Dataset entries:

(* For every $\varepsilon>0$ there is a constant $C>0$ such that the following holds. For every finite set $X$ with $|X|=n\ge 2$ and every nontrivial monotone increasing family $\mathcal F\subseteq 2^X$, writing $m(p)=\mu_p(\mathcal F)$ and $p_c=p_c(\mathcal F)$, there exists $p\in[n^{-\varepsilon}p_c,\;p_c]$ such that $$p\,m'(p)\;\le\;C\,m(p)\,\log_2\!\big(1/m(p)\big)$$ (equivalently, $p\,m'(p)\le C\log_2(1/p)\cdot m(p)\log_p m(p)$, i.e. $\mathcal F$ is $(C\log_2(1/p),p)$-optimal).
   Context: For a finite set $X$ with $|X|=n$ and $p\in[0,1]$, $\mu_p$ is the product measure on $2^X$ given by $\mu_p(S)=p^{|S|}(1-p)^{n-|S|}$, and $\mu_p(\mathcal F)=\sum_{S\in\mathcal F}\mu_p(S)$. A family $\mathcal F\subseteq 2^X$ is monotone increasing if $B\supseteq A\in\mathcal F$ implies $B\in\mathcal F$; it is nontrivial if $\mathcal F\neq\emptyset$ and $\mathcal F\neq 2^X$. For such $\mathcal F$, $m(p)=\mu_p(\mathcal F)$ is a strictly increasing polynomial in $p$ with $m(0)=0$, $m(1)=1$, and $p_c(\mathcal F)$ denotes the unique $p\in[0,1]$ with $\mu_p(\mathcal F)=1/2$. Given $C>0$, $\mathcal F$ is called $(C,p)$-optimal if $p\,m'(p)\le C\,m(p)\log_p m(p)$, where $\log_p x=\ln x/\ln p$. *)

theory Defs
  imports "HOL-Analysis.Analysis"
begin

definition mu_p :: "real \<Rightarrow> 'a set \<Rightarrow> 'a set set \<Rightarrow> real" where
  "mu_p p X F = (\<Sum>S\<in>F. p ^ card S * (1 - p) ^ (card X - card S))"

definition monotone_increasing :: "'a set \<Rightarrow> 'a set set \<Rightarrow> bool" where
  "monotone_increasing X F \<longleftrightarrow> F \<subseteq> Pow X \<and> (\<forall>A B. A \<in> F \<and> A \<subseteq> B \<and> B \<subseteq> X \<longrightarrow> B \<in> F)"

definition nontrivial_family :: "'a set \<Rightarrow> 'a set set \<Rightarrow> bool" where
  "nontrivial_family X F \<longleftrightarrow> F \<noteq> {} \<and> F \<noteq> Pow X"

definition p_crit :: "'a set \<Rightarrow> 'a set set \<Rightarrow> real" where
  "p_crit X F = (THE p. 0 \<le> p \<and> p \<le> 1 \<and> mu_p p X F = 1/2)"

end

theory Submission
  imports Defs "HOL-Computational_Algebra.Polynomial"
begin

text \<open>
  Suppose \<open>p m'(p) > C m(p) log\<^sub>2 (1/m(p))\<close> on all of \<open>[a, p\<^sub>c]\<close> with \<open>a = n\<^sup>-\<^sup>\<epsilon> p\<^sub>c\<close>.
  Writing \<open>C = c ln 2\<close>, this says that \<open>ln (-ln m(q)) + c ln q\<close> is strictly decreasing there,
  so \<open>-ln m(a) > (p\<^sub>c/a)\<^sup>c ln 2 = n\<^sup>\<epsilon>\<^sup>c ln 2\<close>. On the other hand \<open>m(a) \<ge> a\<^sup>n\<close> (the family
  contains X) and \<open>p\<^sub>c \<ge> 1/(2n)\<close> (every member is nonempty, so \<open>m(p) \<le> n p\<close>), whence
  \<open>-ln m(a) = O(n\<^sup>2)\<close>. Choosing \<open>\<epsilon> c\<close> large enough gives a contradiction.
\<close>

lemma mu_p_insert:
  fixes p :: real
  assumes fin: "finite X" and x: "x \<notin> X" and FX: "F \<subseteq> Pow (insert x X)"
  shows "mu_p p (insert x X) F =
     (1 - p) * mu_p p X {S\<in>F. x \<notin> S} + p * mu_p p X {T\<in>Pow X. insert x T \<in> F}"
proof -
  let ?t = "\<lambda>N S. p ^ card S * (1 - p) ^ (N - card S)"
  have finF: "finite F" using FX fin by (meson finite_Pow_iff finite_insert rev_finite_subset)
  have cX: "card (insert x X) = Suc (card X)" using fin x by simp
  have split: "F = {S\<in>F. x \<notin> S} \<union> {S\<in>F. x \<in> S}" by auto
  have "mu_p p (insert x X) F =
      (\<Sum>S\<in>{S\<in>F. x \<notin> S}. ?t (Suc (card X)) S) + (\<Sum>S\<in>{S\<in>F. x \<in> S}. ?t (Suc (card X)) S)"
    unfolding mu_p_def cX by (subst split, rule sum.union_disjoint) (use finF in auto)
  moreover have "(\<Sum>S\<in>{S\<in>F. x \<notin> S}. ?t (Suc (card X)) S) = (1 - p) * mu_p p X {S\<in>F. x \<notin> S}"
    unfolding mu_p_def sum_distrib_left
  proof (rule sum.cong)
    fix S assume "S \<in> {S\<in>F. x \<notin> S}"
    then have "S \<subseteq> X" using FX by auto
    then have "card S \<le> card X" using fin by (simp add: card_mono)
    then show "?t (Suc (card X)) S = (1 - p) * ?t (card X) S" by (simp add: Suc_diff_le)
  qed simp
  moreover have "(\<Sum>S\<in>{S\<in>F. x \<in> S}. ?t (Suc (card X)) S) = p * mu_p p X {T\<in>Pow X. insert x T \<in> F}"
  proof -
    have inj: "inj_on (insert x) {T\<in>Pow X. insert x T \<in> F}"
      using x by (auto simp: inj_on_def)
    have "{S\<in>F. x \<in> S} = insert x ` {T\<in>Pow X. insert x T \<in> F}"
    proof
      show "{S\<in>F. x \<in> S} \<subseteq> insert x ` {T\<in>Pow X. insert x T \<in> F}"
      proof
        fix S assume "S \<in> {S\<in>F. x \<in> S}"
        then have "S = insert x (S - {x})" "S - {x} \<in> {T\<in>Pow X. insert x T \<in> F}"
          using FX by (auto simp: insert_absorb)
        then show "S \<in> insert x ` {T\<in>Pow X. insert x T \<in> F}" by blast
      qed
    qed auto
    then have "(\<Sum>S\<in>{S\<in>F. x \<in> S}. ?t (Suc (card X)) S) =
        (\<Sum>T\<in>{T\<in>Pow X. insert x T \<in> F}. ?t (Suc (card X)) (insert x T))"
      using sum.reindex[OF inj] by simp
    also have "\<dots> = p * mu_p p X {T\<in>Pow X. insert x T \<in> F}"
      unfolding mu_p_def sum_distrib_left
    proof (rule sum.cong)
      fix T assume "T \<in> {T\<in>Pow X. insert x T \<in> F}"
      then have "T \<subseteq> X" by auto
      then have "card (insert x T) = Suc (card T)" using fin x by (meson card_insert_disjoint finite_subset subsetD)
      then show "?t (Suc (card X)) (insert x T) = p * ?t (card X) T" by simp
    qed simp
    finally show ?thesis .
  qed
  ultimately show ?thesis by simp
qed

lemma mu_p_Pow: "finite X \<Longrightarrow> mu_p p X (Pow X) = (1::real)"
proof (induction X rule: finite_induct)
  case empty
  then show ?case by (simp add: mu_p_def)
next
  case (insert x X)
  have "{S\<in>Pow (insert x X). x \<notin> S} = Pow X" using insert(2) by auto
  moreover have "{T\<in>Pow X. insert x T \<in> Pow (insert x X)} = Pow X" by auto
  ultimately show ?case using mu_p_insert[OF insert(1,2) subset_refl] insert(3) by simp
qed

lemma mu_p_subset_mono:
  assumes "finite X" "F \<subseteq> G" "G \<subseteq> Pow X" "0 \<le> p" "p \<le> (1::real)"
  shows "mu_p p X F \<le> mu_p p X G"
  unfolding mu_p_def by (rule sum_mono2) (use assms in \<open>auto intro: finite_subset\<close>)

lemma monotone_increasing_insert_split:
  assumes "monotone_increasing (insert x X) F" "x \<notin> X"
  shows "monotone_increasing X {S\<in>F. x \<notin> S}"
    and "monotone_increasing X {T\<in>Pow X. insert x T \<in> F}"
    and "{S\<in>F. x \<notin> S} \<subseteq> {T\<in>Pow X. insert x T \<in> F}"
proof -
  from assms(1) have FX: "F \<subseteq> Pow (insert x X)"
    and up: "\<And>A B. A \<in> F \<Longrightarrow> A \<subseteq> B \<Longrightarrow> B \<subseteq> insert x X \<Longrightarrow> B \<in> F"
    unfolding monotone_increasing_def by blast+
  show "monotone_increasing X {S\<in>F. x \<notin> S}"
    unfolding monotone_increasing_def using FX up assms(2) by blast
  show "monotone_increasing X {T\<in>Pow X. insert x T \<in> F}"
    unfolding monotone_increasing_def using up
    by auto (meson insert_mono subset_trans insert_subset subset_insertI)
  show "{S\<in>F. x \<notin> S} \<subseteq> {T\<in>Pow X. insert x T \<in> F}"
    using FX by (auto intro!: up[OF _ subset_insertI])
qed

Exercise instructions: Determine how many lines in the records above have the string "thesis". Only the number should be returned.

Solution to this problem: 2